### ACTIVITY
Check every line of the data below for the string "represented", and copy the ones that hold it.

(Stored entries)
--- START ---

(* Let $\vec{\alpha}=\langle\alpha_s:s\in[\mathbb{N}]^{<\infty}\rangle$ be a sequence of nonstandard hypernatural numbers. If $T$ and $S$ are $\vec{\alpha}$-trees, then $S\cap T$ is an $\vec{\alpha}$-tree if and only if either $st(T)\sqsubseteq st(S)\in T$ or $st(S)\sqsubseteq st(T)\in S$.
   Context: Setting (Alpha-Theory of Benci–Di Nasso): ZFC together with a new symbol $\alpha$ satisfying: ($\alpha$1) every sequence $\varphi=\langle\varphi_i:i\in\mathbb{N}\rangle$ has a unique ideal value $\varphi[\alpha]$; ($\alpha$2) if $\varphi[\alpha]=\psi[\alpha]$ and $f\circ\varphi$, $f\circ\psi$ make sense then $(f\circ\varphi)[\alpha]=(f\circ\psi)[\alpha]$; ($\alpha$3) constant real sequences $r$ have ideal value $r$, and $\langle i\rangle$ has ideal value $\alpha\notin\mathbb{N}$; ($\alpha$4) if $\vartheta_i=\{\varphi_i,\psi_i\}$ then $\vartheta[\alpha]=\{\varphi[\alpha],\psi[\alpha]\}$; ($\alpha$5) the constant sequence $\emptyset$ has ideal value $\emptyset$, and for nonempty $\psi_i$, $\psi[\alpha]=\{\vartheta[\alpha]:\vartheta_i\in\psi_i\ \forall i\}$. ${}^*A$ is the ideal value of the constant sequence $A$; elements of ${}^*\mathbb{N}\setminus\mathbb{N}$ are nonstandard hypernatural numbers. For finite $s,t\subseteq\mathbb{N}$, $s\sqsubseteq t$ means $s=\{j\in t:j\le i\}$ for some $i$. A tree on $\mathbb{N}$ is a nonempty $T\subseteq[\mathbb{N}]^{<\infty}$ closed under $\sqsubseteq$-initial segments; stem $st(T)$ = $\sqsubseteq$-maximal $s\in T$ comparable with all elements of $T$ (if it exists); $T/s=\{t\in T:s\sqsubseteq t\}$. An $\vec{\alpha}$-tree is a tree $T$ with a stem, $T/st(T)\neq\emptyset$, and $s\cup\{\alpha_s\}\in{}^*T$ for all $s\in T/st(T)$. *)

theory Defs
  imports Main
begin

(* Alpha-theory is modelled by an ultrapower: alpha corresponds to a nonprincipal
   ultrafilter U on nat (U = {A. alpha in *A}); a hypernatural is represented by
   a sequence nat => nat, taken modulo U. *)

definition is_ultrafilter :: "nat filter \<Rightarrow> bool" where
  "is_ultrafilter U \<longleftrightarrow> U \<noteq> bot \<and> (\<forall>P. eventually P U \<or> eventually (\<lambda>x. \<not> P x) U)"

definition nonprincipal :: "nat filter \<Rightarrow> bool" where
  "nonprincipal U \<longleftrightarrow> (\<forall>n. eventually (\<lambda>i. i \<noteq> n) U)"

definition nonstd :: "nat filter \<Rightarrow> (nat \<Rightarrow> nat) \<Rightarrow> bool" where
  "nonstd U f \<longleftrightarrow> (\<forall>n. eventually (\<lambda>i. f i \<noteq> n) U)"

definition initseg :: "nat set \<Rightarrow> nat set \<Rightarrow> bool" where
  "initseg s t \<longleftrightarrow> (\<exists>i. s = {j \<in> t. j \<le> i})"

definition comparable :: "nat set \<Rightarrow> nat set \<Rightarrow> bool" where
  "comparable s t \<longleftrightarrow> initseg s t \<or> initseg t s"

definition is_tree :: "nat set set \<Rightarrow> bool" where
  "is_tree T \<longleftrightarrow> T \<noteq> {} \<and> (\<forall>t\<in>T. finite t) \<and>
     (\<forall>t\<in>T. \<forall>s. initseg s t \<longrightarrow> s \<in> T)"

definition comp_all :: "nat set set \<Rightarrow> nat set \<Rightarrow> bool" where
  "comp_all T s \<longleftrightarrow> s \<in> T \<and> (\<forall>t\<in>T. comparable s t)"

definition is_stem :: "nat set set \<Rightarrow> nat set \<Rightarrow> bool" where
  "is_stem T s \<longleftrightarrow> comp_all T s \<and> \<not> (\<exists>s'. comp_all T s' \<and> initseg s s' \<and> s' \<noteq> s)"

definition stem :: "nat set set \<Rightarrow> nat set" where
  "stem T = (THE s. is_stem T s)"

definition subtree_above :: "nat set set \<Rightarrow> nat set \<Rightarrow> nat set set" where
  "subtree_above T s = {t \<in> T. initseg s t}"

(* x \<union> {alpha_s} \<in> *T, where alpha_s is represented by the sequence f:
   the ideal value of \<langle>x \<union> {f i}\<rangle> lies in *T iff U-almost all x \<union> {f i} lie in T *)
definition star_mem :: "nat filter \<Rightarrow> nat set set \<Rightarrow> nat set \<Rightarrow> (nat \<Rightarrow> nat) \<Rightarrow> bool" where
  "star_mem U T s f \<longleftrightarrow> eventually (\<lambda>i. insert (f i) s \<in> T) U"

definition alpha_tree :: "nat filter \<Rightarrow> (nat set \<Rightarrow> nat \<Rightarrow> nat) \<Rightarrow> nat set set \<Rightarrow> bool" where
  "alpha_tree U \<alpha> T \<longleftrightarrow> is_tree T \<and> (\<exists>s. is_stem T s) \<and>
     subtree_above T (stem T) \<noteq> {} \<and>
     (\<forall>s \<in> subtree_above T (stem T). star_mem U T s (\<alpha> s))"

end

theory Submission
  imports Defs
begin

text \<open>
  If an \<open>\<alpha>\<close>-tree \<open>A\<close> lies inside \<open>B\<close>, then every node of \<open>B\<close> comparable with all of \<open>B\<close>
  is an initial segment of the stem \<open>r\<close> of \<open>A\<close>: otherwise such a node would properly extend
  \<open>r\<close>, forcing the nonstandard \<open>\<alpha>\<^sub>r\<close> to be (almost surely) the least new element of that
  node. Applied to \<open>A = S \<inter> T\<close> and \<open>B = S, T\<close>, both stems are initial segments of the stem
  of \<open>S \<inter> T\<close>, hence comparable, and the larger one lies in the other tree. Conversely,
  if \<open>st(T) \<sqsubseteq> st(S) \<in> T\<close>, the same argument shows that \<open>st(S)\<close> is the stem of \<open>S \<inter> T\<close>,
  and the splitting condition above it holds in both trees, hence in the intersection.
\<close>

lemma initseg_subset: "initseg s t \<Longrightarrow> s \<subseteq> t"
  by (auto simp: initseg_def)

lemma initseg_refl: "finite s \<Longrightarrow> initseg s s"
  unfolding initseg_def by (rule exI[of _ "Max s"]) auto

lemma initseg_trans:
  assumes "initseg a b" "initseg b c"
  shows "initseg a c"
proof -
  obtain i k where "a = {j \<in> b. j \<le> i}" "b = {j \<in> c. j \<le> k}"
    using assms by (auto simp: initseg_def)
  then have "a = {j \<in> c. j \<le> min i k}" by auto
  then show ?thesis unfolding initseg_def by blast
qed

lemma initseg_common_extension_comparable:
  assumes "initseg a c" "initseg b c"
  shows "comparable a b"
proof -
  obtain i k where a: "a = {j \<in> c. j \<le> i}" and b: "b = {j \<in> c. j \<le> k}"
    using assms by (auto simp: initseg_def)
  show ?thesis
  proof (cases "i \<le> k")
    case True
    then have "a = {j \<in> b. j \<le> i}" using a b by auto
    then show ?thesis by (auto simp: comparable_def initseg_def)
  next
    case False
    then have "b = {j \<in> a. j \<le> k}" using a b by auto
    then show ?thesis by (auto simp: comparable_def initseg_def)
  qed
qed

lemma comparable_commute: "comparable a b \<longleftrightarrow> comparable b a"
  by (auto simp: comparable_def)

lemma stem_eqI:
  assumes "is_stem T s"
  shows "stem T = s"
  unfolding stem_def
proof (rule the_equality)
  show "is_stem T s" by fact
  fix s' assume s': "is_stem T s'"
  then have "comparable s s'"
    using assms by (auto simp: is_stem_def comp_all_def)
  then show "s' = s"
    using assms s' by (auto simp: is_stem_def comparable_def)
qed

lemma nonstd_eventually_gt:
  assumes "nonstd U f"
  shows "eventually (\<lambda>i. n < f i) U"
proof (induction n)
  case 0
  show ?case
    using assms unfolding nonstd_def by (rule allE[of _ 0], elim eventually_mono) auto
next
  case (Suc n)
  have "eventually (\<lambda>i. f i \<noteq> Suc n) U" using assms unfolding nonstd_def by blast
  with Suc show ?case by eventually_elim auto
qed

lemma comparable_insert_imp_Least:
  assumes "initseg r t" "r \<noteq> t" "\<forall>x\<in>r. x < a" "comparable (insert a r) t"
  shows "a = (LEAST x. x \<in> t - r)"
proof -
  have "a \<in> t - r \<and> (\<forall>y \<in> t - r. a \<le> y)"
  proof (cases "initseg (insert a r) t")
    case True
    then obtain k where k: "insert a r = {j \<in> t. j \<le> k}" by (auto simp: initseg_def)
    have "a \<le> y" if "y \<in> t - r" for y
    proof (rule ccontr)
      assume "\<not> a \<le> y"
      moreover have "a \<le> k" using k by auto
      ultimately have "y \<in> insert a r" using k that by auto
      with \<open>\<not> a \<le> y\<close> that show False by auto
    qed
    then show ?thesis using k assms(3) by auto
  next
    case False
    then have "t \<subseteq> insert a r"
      using assms(4) initseg_subset by (auto simp: comparable_def)
    moreover have "r \<subset> t" using initseg_subset[OF assms(1)] assms(2) by auto
    ultimately show ?thesis by auto
  qed
  then show ?thesis by (intro Least_equality[symmetric]) auto
qed

lemma not_eventually_comparable_insert:
  assumes "U \<noteq> bot" "nonstd U f" "finite r" "initseg r t" "r \<noteq> t"
  shows "\<not> eventually (\<lambda>i. comparable (insert (f i) r) t) U"
proof
  assume comp: "eventually (\<lambda>i. comparable (insert (f i) r) t) U"
  have "eventually (\<lambda>i. Max r < f i) U" using assms(2) by (rule nonstd_eventually_gt)
  moreover have "eventually (\<lambda>i. f i \<noteq> (LEAST x. x \<in> t - r)) U"
    using assms(2) by (auto simp: nonstd_def)
  ultimately have "eventually (\<lambda>i. False) U"
    using comp
  proof eventually_elim
    case (elim i)
    then have "\<forall>x\<in>r. x < f i" using Max_ge[OF assms(3)] by fastforce
    then show False using comparable_insert_imp_Least[OF assms(4,5)] elim by blast
  qed
  then show False using assms(1) by (simp add: eventually_False)
qed

lemma alpha_tree_is_tree: "alpha_tree U \<alpha> T \<Longrightarrow> is_tree T"
  by (simp add: alpha_tree_def)

lemma alpha_tree_is_stem: "alpha_tree U \<alpha> T \<Longrightarrow> is_stem T (stem T)"
  using stem_eqI by (fastforce simp: alpha_tree_def)

lemma alpha_tree_stem_mem: "alpha_tree U \<alpha> T \<Longrightarrow> stem T \<in> T"
  using alpha_tree_is_stem by (fastforce simp: is_stem_def comp_all_def)

lemma alpha_tree_stem_finite: "alpha_tree U \<alpha> T \<Longrightarrow> finite (stem T)"
  using alpha_tree_stem_mem alpha_tree_is_tree by (fastforce simp: is_tree_def)

lemma alpha_tree_eventually_insert:
  "alpha_tree U \<alpha> T \<Longrightarrow> s \<in> T \<Longrightarrow> initseg (stem T) s \<Longrightarrow>
    eventually (\<lambda>i. insert (\<alpha> s i) s \<in> T) U"
  by (auto simp: alpha_tree_def subtree_above_def star_mem_def)

lemma comp_all_initseg_if_eventually_insert:
  assumes "U \<noteq> bot" "nonstd U f" "finite r" "r \<in> B"
    and "eventually (\<lambda>i. insert (f i) r \<in> B) U" "comp_all B b"
  shows "initseg b r"
proof (rule ccontr)
  assume "\<not> initseg b r"
  moreover have "comparable b r" using assms(4,6) by (auto simp: comp_all_def)
  ultimately have "initseg r b" "r \<noteq> b"
    using initseg_refl[OF assms(3)] by (auto simp: comparable_def)
  moreover have "eventually (\<lambda>i. comparable (insert (f i) r) b) U"
    using assms(5) by eventually_elim (use assms(6) in \<open>auto simp: comp_all_def comparable_commute\<close>)
  ultimately show False
    using not_eventually_comparable_insert[OF assms(1,2,3)] by blast
qed

lemma comp_all_superset_initseg_stem:
  assumes "U \<noteq> bot" "\<forall>s. finite s \<longrightarrow> nonstd U (\<alpha> s)" "alpha_tree U \<alpha> A" "A \<subseteq> B"
    and "comp_all B b"
  shows "initseg b (stem A)"
proof (rule comp_all_initseg_if_eventually_insert[OF assms(1) _ _ _ _ assms(5)])
  have fin: "finite (stem A)" using assms(3) by (rule alpha_tree_stem_finite)
  then show "nonstd U (\<alpha> (stem A))" "finite (stem A)" using assms(2) by auto
  show "stem A \<in> B" using alpha_tree_stem_mem[OF assms(3)] assms(4) by auto
  show "eventually (\<lambda>i. insert (\<alpha> (stem A) i) (stem A) \<in> B) U"
    using alpha_tree_eventually_insert[OF assms(3) alpha_tree_stem_mem[OF assms(3)] initseg_refl[OF fin]]
    by eventually_elim (use assms(4) in auto)
qed

lemma alpha_tree_Int_imp_stems:
  assumes "U \<noteq> bot" "\<forall>s. finite s \<longrightarrow> nonstd U (\<alpha> s)"
    and "alpha_tree U \<alpha> T" "alpha_tree U \<alpha> S" "alpha_tree U \<alpha> (S \<inter> T)"
  shows "(initseg (stem T) (stem S) \<and> stem S \<in> T) \<or> (initseg (stem S) (stem T) \<and> stem T \<in> S)"
proof -
  let ?r = "stem (S \<inter> T)"
  have S_r: "initseg (stem S) ?r"
    using comp_all_superset_initseg_stem[OF assms(1,2,5)] alpha_tree_is_stem[OF assms(4)]
    by (auto simp: is_stem_def)
  have T_r: "initseg (stem T) ?r"
    using comp_all_superset_initseg_stem[OF assms(1,2,5)] alpha_tree_is_stem[OF assms(3)]
    by (auto simp: is_stem_def)
  have "?r \<in> S" "?r \<in> T" using alpha_tree_stem_mem[OF assms(5)] by auto
  then have "stem S \<in> T" "stem T \<in> S"
    using S_r T_r alpha_tree_is_tree[OF assms(3)] alpha_tree_is_tree[OF assms(4)]
    by (auto simp: is_tree_def)
  with initseg_common_extension_comparable[OF T_r S_r] show ?thesis
    by (auto simp: comparable_def)
qed

lemma alpha_tree_Int:
  assumes "U \<noteq> bot" "\<forall>s. finite s \<longrightarrow> nonstd U (\<alpha> s)"
    and "alpha_tree U \<alpha> T" "alpha_tree U \<alpha> S"
    and "initseg (stem T) (stem S)" "stem S \<in> T"
  shows "alpha_tree U \<alpha> (S \<inter> T)"
proof -
  let ?s = "stem S"
  have s_S: "?s \<in> S" using assms(4) by (rule alpha_tree_stem_mem)
  have fin: "finite ?s" using assms(4) by (rule alpha_tree_stem_finite)
  have ext: "eventually (\<lambda>i. insert (\<alpha> s i) s \<in> S \<inter> T) U"
    if "s \<in> S \<inter> T" "initseg ?s s" for s
    using alpha_tree_eventually_insert[OF assms(4)] alpha_tree_eventually_insert[OF assms(3)]
      initseg_trans[OF assms(5)] that
    by (auto intro: eventually_conj)
  have "is_stem (S \<inter> T) ?s"
    unfolding is_stem_def
  proof (intro conjI notI)
    show "comp_all (S \<inter> T) ?s"
      using alpha_tree_is_stem[OF assms(4)] assms(6) by (auto simp: is_stem_def comp_all_def)
    assume "\<exists>s'. comp_all (S \<inter> T) s' \<and> initseg ?s s' \<and> s' \<noteq> ?s"
    then obtain s' where s': "comp_all (S \<inter> T) s'" "initseg ?s s'" "s' \<noteq> ?s" by blast
    have "initseg s' ?s"
      using comp_all_initseg_if_eventually_insert[OF assms(1) _ fin _ ext s'(1)]
        assms(2,6) fin s_S initseg_refl[OF fin] by blast
    then show False using s'(2,3) initseg_subset by blast
  qed
  moreover from this have "stem (S \<inter> T) = ?s" by (rule stem_eqI)
  moreover have "is_tree (S \<inter> T)"
    using alpha_tree_is_tree[OF assms(3)] alpha_tree_is_tree[OF assms(4)] s_S assms(6)
    unfolding is_tree_def by blast
  ultimately show ?thesis
    using s_S assms(6) initseg_refl[OF fin] ext
    by (auto simp: alpha_tree_def subtree_above_def star_mem_def)
qed

theorem mainTheorem16:
  fixes U :: "nat filter" and \<alpha> :: "nat set \<Rightarrow> nat \<Rightarrow> nat" and S T :: "nat set set"
  assumes "is_ultrafilter U" and "nonprincipal U"
    and "\<forall>s. finite s \<longrightarrow> nonstd U (\<alpha> s)"
    and "alpha_tree U \<alpha> T" and "alpha_tree U \<alpha> S"
  shows "alpha_tree U \<alpha> (S \<inter> T) \<longleftrightarrow>
    ((initseg (stem T) (stem S) \<and> stem S \<in> T) \<or> (initseg (stem S) (stem T) \<and> stem T \<in> S))"
    (is "_ \<longleftrightarrow> ?rhs")
proof
  have U: "U \<noteq> bot" using assms(1) by (simp add: is_ultrafilter_def)
  show "alpha_tree U \<alpha> (S \<inter> T) \<Longrightarrow> ?rhs"
    using alpha_tree_Int_imp_stems[OF U assms(3-5)] .
  assume "?rhs"
  then show "alpha_tree U \<alpha> (S \<inter> T)"
    using alpha_tree_Int[OF U assms(3,4,5)] alpha_tree_Int[OF U assms(3,5,4)]
    by (auto simp: Int_commute)
qed

end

--- END ---

### REPLY TO THE EXERCISE
   ultrafilter U on nat (U = {A. alpha in *A}); a hypernatural is represented by
(* x \<union> {alpha_s} \<in> *T, where alpha_s is represented by the sequence f:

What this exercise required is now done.